OSLO: This year's Nobel Peace Prize awarded to the Organisation for the Prohibition of Chemical Weapons, Geo News reported minutes ago Friday.

The Hague-based OPCW was founded in 1997 to implement the Chemical Weapons Convention signed on January 13, 1993.

It marks the second year in a row that the Peace Prize is awarded to an organisation, following last year when the European Union got the honour.

Until recently operating in relative obscurity, the OPCW has suddenly been catapulted into the global spotlight because of its work supervising the dismantling of Syria's chemical arsenal and facilities.

A team of around 30 OPCW arms experts and UN logistics and security
personnel are on the ground in Syria and have started to destroy weapons
production facilities, with footage of their work broadcast on Syrian
television.


The OPCW said on Tuesday it was sending a second wave of inspectors to
bolster the disarmament mission in the war-ravaged nation.

Since the OPCW came into existence 16 years ago, it has destroyed 57,000
tonnes of chemical weapons, the majority of them leftovers from the Cold War held by the United States and Russia.

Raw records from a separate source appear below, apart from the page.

text \<open>For exponents up to 1 the integrand is dominated by a fixed multiple of e^(-x):
  use x^p \<le> e^x and -x^2/2 \<le> 2 - 2x.\<close>
definition moment_bound_const :: real where
  "moment_bound_const = sqrt (2 / pi) * exp 2"

lemma moment_dens_le_exp:
  assumes "0 \<le> x" "0 < p" "p \<le> 1"
  shows "moment_dens p x \<le> moment_bound_const * exp (- x)"
proof -
  have pow: "x powr p \<le> exp x"
  proof (cases "x \<le> 1")
    case True
    then have "x powr p \<le> 1" using assms by (intro powr_le1) auto
    also have "1 \<le> exp x" using assms by simp
    finally show ?thesis .
  next
    case False
    then have "x powr p \<le> x powr 1" using assms by (intro powr_mono) auto
    also have "\<dots> \<le> exp x" using assms by (simp add: order_trans[OF _ exp_ge_add_one_self])
    finally show ?thesis .
  qed
  have "- (x\<^sup>2) / 2 \<le> 2 - 2 * x"
    using zero_le_power2[of "x - 2"] by (simp add: power2_eq_square algebra_simps)
  then have gauss: "exp (- (x\<^sup>2) / 2) \<le> exp (2 - 2 * x)" by simp
  have "moment_dens p x = sqrt (2 / pi) * (x powr p * exp (- (x\<^sup>2) / 2))"
    unfolding moment_dens_def hn_dens_def by simp
  also have "\<dots> \<le> sqrt (2 / pi) * (exp x * exp (2 - 2 * x))"
    by (intro mult_left_mono mult_mono pow gauss) auto
  also have "exp x * exp (2 - 2 * x) = exp 2 * exp (- x)"
    by (simp add: exp_add[symmetric])
  finally show ?thesis by (simp add: moment_bound_const_def mult.assoc)
qed

lemma exp_minus_integrable: "(\<lambda>x. c * exp (- x)) integrable_on {a::real..}"
  using integrable_on_cmult_left[OF integrable_on_exp_minus_to_infinity[of 1 a], of c] by simp

lemma moment_dens_integrable:
  assumes "0 \<le> a" "0 < p" "p \<le> 1"
  shows "moment_dens p integrable_on {a..}"
proof (rule measurable_bounded_by_integrable_imp_integrable_real)
  show "moment_dens p \<in> borel_measurable (lebesgue_on {a..})"
    using assms
    by (intro continuous_imp_measurable_on_sets_lebesgue
        continuous_on_subset[OF moment_dens_continuous]) auto
  show "(\<lambda>x. moment_bound_const * exp (- x)) integrable_on {a..}"
    by (rule exp_minus_integrable)
  show "\<bar>moment_dens p x\<bar> \<le> moment_bound_const * exp (- x)" if "x \<in> {a..}" for x
    using moment_dens_le_exp[of x p] moment_dens_nonneg[of p x] assms that by auto
qed auto

lemma moment_tail_le_exp:
  assumes "0 \<le> z" "0 < p" "p \<le> 1"
  shows "integral {z..} (moment_dens p) \<le> moment_bound_const * exp (- z)"
proof -
  have "integral {z..} (moment_dens p) \<le> integral {z..} (\<lambda>x. moment_bound_const * exp (- x))"
    using assms moment_dens_le_exp[of _ p]
    by (intro integral_le moment_dens_integrable exp_minus_integrable) auto
  also have "\<dots> = moment_bound_const * exp (- z)"
    using integral_unique[OF has_integral_exp_minus_to_infinity[of 1 z]] by simp
  finally show ?thesis .
qed

lemma moment_integral_split:
  assumes "0 \<le> z" "0 < p" "p \<le> 1"
  shows "integral {0..} (moment_dens p)
           = integral {0..z} (moment_dens p) + integral {z..} (moment_dens p)"
proof -
  have "{0..} = {0..z} \<union> {z..}" "{0..z} \<inter> {z..} = {z}" using assms by auto
  then show ?thesis
    using integral_Un[of "moment_dens p" "{0..z}" "{z..}"]
      moment_dens_integrable_Icc[of 0 p z] moment_dens_integrable[of z p] assms
    by simp
qed
lemma x_mult_monom_leading_step:
  assumes IH: "\<And>\<gamma>' i'. expvec n \<gamma>' \<Longrightarrow> deg \<gamma>' < deg \<gamma> \<Longrightarrow> i' < n \<Longrightarrow>
      \<exists>u. unit_in R u \<and> has_leading_term (x i' * monom \<gamma>') u (\<gamma>' + unit_vec i')"
    and "expvec n \<gamma>" "i < n"
  shows "\<exists>u. unit_in R u \<and> has_leading_term (x i * monom \<gamma>) u (\<gamma> + unit_vec i)"
proof (cases "\<forall>k<i. \<gamma> k = 0")
  case True
  then show ?thesis using has_leading_term_x_mult_monom_below[OF assms(3)] unit_in_one[OF subring_R] by blast
next
  case False
  \<comment> \<open>\<open>x^\<gamma> = x\<^sub>j x^\<gamma>'\<close> for the first variable \<open>x\<^sub>j\<close> of \<open>x^\<gamma>\<close>, and \<open>j < i\<close>: swap \<open>x\<^sub>i\<close> with \<open>x\<^sub>j\<close>
    and apply the induction hypothesis to \<open>x\<^sub>i x^\<gamma>'\<close>\<close>
  then obtain k0 where "k0 < i" "\<gamma> k0 \<noteq> 0" by blast
  then obtain j \<gamma>' where j: "j < n" "\<gamma> = \<gamma>' + unit_vec j" "expvec n \<gamma>'"
    "\<And>k. k < j \<Longrightarrow> \<gamma> k = 0" "\<And>k. k < j \<Longrightarrow> \<gamma>' k = 0"
    using expvec_split_first[OF assms(2)] by (metis zero_fun_apply)
  have "j < i" using j(4) \<open>k0 < i\<close> \<open>\<gamma> k0 \<noteq> 0\<close> by (meson le_less_trans not_less)
  have deg: "deg \<gamma> = deg \<gamma>' + 1" "deg (\<gamma>' + unit_vec i) = deg \<gamma>"
    using j(1,2) assms(3) by (simp_all add: degn_add degn_unit_vec)
  have x_lower: "x k * w \<in> deg_lt (deg \<gamma> + 1)" if "w \<in> deg_lt (deg \<gamma>)" "k < n" for w k
    by (rule x_mult_deg_lt[OF _ that]) (use IH[OF _ _ that(2)] unit_in_R in blast)
  obtain u' where u': "unit_in R u'" "has_leading_term (x i * monom \<gamma>') u' (\<gamma>' + unit_vec i)"
    using IH[OF j(3) _ assms(3)] deg(1) by auto
  have "has_leading_term (x j * monom (\<gamma>' + unit_vec i)) 1 (\<gamma>' + unit_vec i + unit_vec j)"
    using j(5) \<open>j < i\<close> by (intro has_leading_term_x_mult_monom_below[OF j(1)]) (simp add: unit_vec_def)
  from has_leading_term_x_mult[OF u'(2) unit_in_R[OF u'(1)]
      expvec_add[OF j(3) expvec_unit_vec[OF assms(3)]] j(1) this] x_lower j(1) deg(2)
  have "has_leading_term (x j * (x i * monom \<gamma>')) (\<sigma> j u') (\<gamma>' + unit_vec i + unit_vec j)"
    by simp
  then have lead: "has_leading_term (x j * (x i * monom \<gamma>')) (\<sigma> j u') (\<gamma> + unit_vec i)"
    using j(2) by (simp add: ac_simps)
  obtain d L where d: "unit_in R d" "L \<in> lin_span1 R x n" "x i * x j = d * (x j * x i) + L"
    using x_mult_x_swap[OF \<open>j < i\<close> assms(3)] .
  have "x i * monom \<gamma> = (x i * x j) * monom \<gamma>'"
    using std_monomial_add_unit_vec[where \<gamma> = \<gamma>' and x = x, OF j(1) j(5)] j(2) by (simp add: mult.assoc)
  then have eq: "x i * monom \<gamma> = d * (x j * (x i * monom \<gamma>')) + L * monom \<gamma>'"
    unfolding d(3) by (simp add: distrib_right mult.assoc)
  have "monom \<gamma>' \<in> deg_lt (deg \<gamma>)"
    using monom_in_deg_lt[OF R_one j(3), of "deg \<gamma>"] deg(1) by simp
  then have "L * monom \<gamma>' \<in> deg_lt (deg \<gamma> + 1)"
    using lin_span1_mult_deg_lt[OF d(2)] x_lower deg_lt_mono by fastforce
  then have "has_leading_term (x i * monom \<gamma>) (d * \<sigma> j u') (\<gamma> + unit_vec i)"
    unfolding eq using has_leading_term_add has_leading_term_mult_left[OF unit_in_R[OF d(1)] lead]
      degn_add degn_unit_vec[OF assms(3)] by simp
  then show ?thesis using unit_in_mult[OF subring_R d(1) unit_in_sigma[OF j(1) u'(1)]] by blast
qed
(* Let $\mathbb{Q}\subset K$ be a totally imaginary Galois extension of finite degree. Then $\overline{N}_{K/\mathbb{Q}}=\mathbb{Q}^+$.
   Context: $\overline{N}_{K/\mathbb{Q}}$ is the set of all finite sums $\sum_iN_{K/\mathbb{Q}}(a_i)$ with $a_i\in K$ and $N_{K/\mathbb{Q}}$ the field norm; $\mathbb{Q}^+$ denotes the non-negative rationals. A number field is totally imaginary if none of its embeddings into $\mathbb{C}$ lands in $\mathbb{R}$. *)

theory Defs
  imports Complex_Main
begin

definition subfield_C :: "complex set \<Rightarrow> bool" where
  "subfield_C K \<longleftrightarrow> 0 \<in> K \<and> 1 \<in> K \<and>
     (\<forall>x\<in>K. \<forall>y\<in>K. x + y \<in> K \<and> x * y \<in> K) \<and>
     (\<forall>x\<in>K. - x \<in> K \<and> inverse x \<in> K)"

definition finite_degree_over_Q :: "complex set \<Rightarrow> bool" where
  "finite_degree_over_Q K \<longleftrightarrow>
     (\<exists>B. finite B \<and> B \<subseteq> K \<and>
        (\<forall>x\<in>K. \<exists>c :: complex \<Rightarrow> rat. x = (\<Sum>b\<in>B. of_rat (c b) * b)))"

definition number_field :: "complex set \<Rightarrow> bool" where
  "number_field K \<longleftrightarrow> subfield_C K \<and> finite_degree_over_Q K"

text \<open>Field embeddings K \<rightarrow> C (ring homomorphisms, unital), normalised to 0
outside K so that distinct embeddings are distinct functions.\<close>
definition embeddings :: "complex set \<Rightarrow> (complex \<Rightarrow> complex) set" where
  "embeddings K = {\<sigma>.
     (\<forall>x\<in>K. \<forall>y\<in>K. \<sigma> (x + y) = \<sigma> x + \<sigma> y \<and> \<sigma> (x * y) = \<sigma> x * \<sigma> y) \<and>
     \<sigma> 1 = 1 \<and> (\<forall>x. x \<notin> K \<longrightarrow> \<sigma> x = 0)}"

text \<open>K/Q Galois: every embedding of K into C maps K into K (normality;
separability is automatic in characteristic 0).\<close>
definition galois_over_Q :: "complex set \<Rightarrow> bool" where
  "galois_over_Q K \<longleftrightarrow> (\<forall>\<sigma>\<in>embeddings K. \<sigma> ` K \<subseteq> K)"

definition totally_imaginary :: "complex set \<Rightarrow> bool" where
  "totally_imaginary K \<longleftrightarrow> (\<forall>\<sigma>\<in>embeddings K. \<not> (\<sigma> ` K \<subseteq> \<real>))"

definition field_norm_Q :: "complex set \<Rightarrow> complex \<Rightarrow> complex" where
  "field_norm_Q K a = (\<Prod>\<sigma>\<in>embeddings K. \<sigma> a)"

definition sums_of_norms :: "complex set \<Rightarrow> complex set" where
  "sums_of_norms K = {sum_list (map (field_norm_Q K) as) | as. set as \<subseteq> K}"

end

theory Submission
  imports Defs "HOL-Computational_Algebra.Fundamental_Theorem_Algebra" "HOL-Library.FuncSet"
begin

text \<open>Let a \<in> K. Since K is Galois, every embedding \<tau> permutes the embeddings by
composition, so \<tau> fixes N(a) = \<Prod>\<sigma> \<sigma>(a). An irrational element of K is moved by some
embedding: its minimal polynomial over \<rat> is separable, so it has a second root, and the
embedding \<rat>(x) \<rightarrow> \<complex> sending x to that root extends to K. Hence N(a) is rational.
Because no embedding is real, \<sigma> \<mapsto> cnj \<circ> \<sigma> is a fixed-point-free involution of the
embeddings, so N(a) is a product of factors \<sigma>(a) cnj(\<sigma>(a)) \<ge> 0.
Conversely, with n = [K:\<rat>] and q = a/b, we have q = a b^(n-1) N(1/b), a sum of a b^(n-1) norms.\<close>

lemma subfield_C_0: "subfield_C E \<Longrightarrow> 0 \<in> E"
  and subfield_C_1: "subfield_C E \<Longrightarrow> 1 \<in> E"
  and subfield_C_add: "subfield_C E \<Longrightarrow> x \<in> E \<Longrightarrow> y \<in> E \<Longrightarrow> x + y \<in> E"
  and subfield_C_mult: "subfield_C E \<Longrightarrow> x \<in> E \<Longrightarrow> y \<in> E \<Longrightarrow> x * y \<in> E"
  and subfield_C_uminus: "subfield_C E \<Longrightarrow> x \<in> E \<Longrightarrow> - x \<in> E"
  and subfield_C_inverse: "subfield_C E \<Longrightarrow> x \<in> E \<Longrightarrow> inverse x \<in> E"
  by (simp_all add: subfield_C_def)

"It's the slow steady laying down of bricks over the weeks, months and
years, people sitting in control rooms watching this stuff going into the chutes," OPCW spokesman Michael Luhan said recently.

He described the OPCW's work as characterised by "persistence" and "without any fanfare."
"It's the slow grinding work that we hope over time will be more
appreciated," he said.

The OPCW's work was the "subject of years and years of patient diplomacy in which we've demonstrated that we do diplomacy very, very well. We've kept everybody aboard, we keep adding states parties, we're approaching
universality."


To date, the OPCW has 189 members representing more than 98 percent of the world population, with Syria due to become a full-fledged member of the convention on Monday.

Israel and Myanmar signed in 1993 but have not yet ratified, according to the OPCW website.
Four states -- North Korea, Angola, Egypt, South Sudan -- have neither
signed nor ratified the Convention.

The OPCW also provides assistance and protection to any member state
subject to threats or attacks with chemical weapons.

Luhan, the OPCW spokesman, said any reaction to the peace prize would be
posted on the organisation's website, adding it did not want to create the impression that it was focussed on anything but its work.

"We're in the process of trying to achieve something in Syria," he said.
"If we achieve the objectives of this mission (in Syria), then there'll be something to celebrate."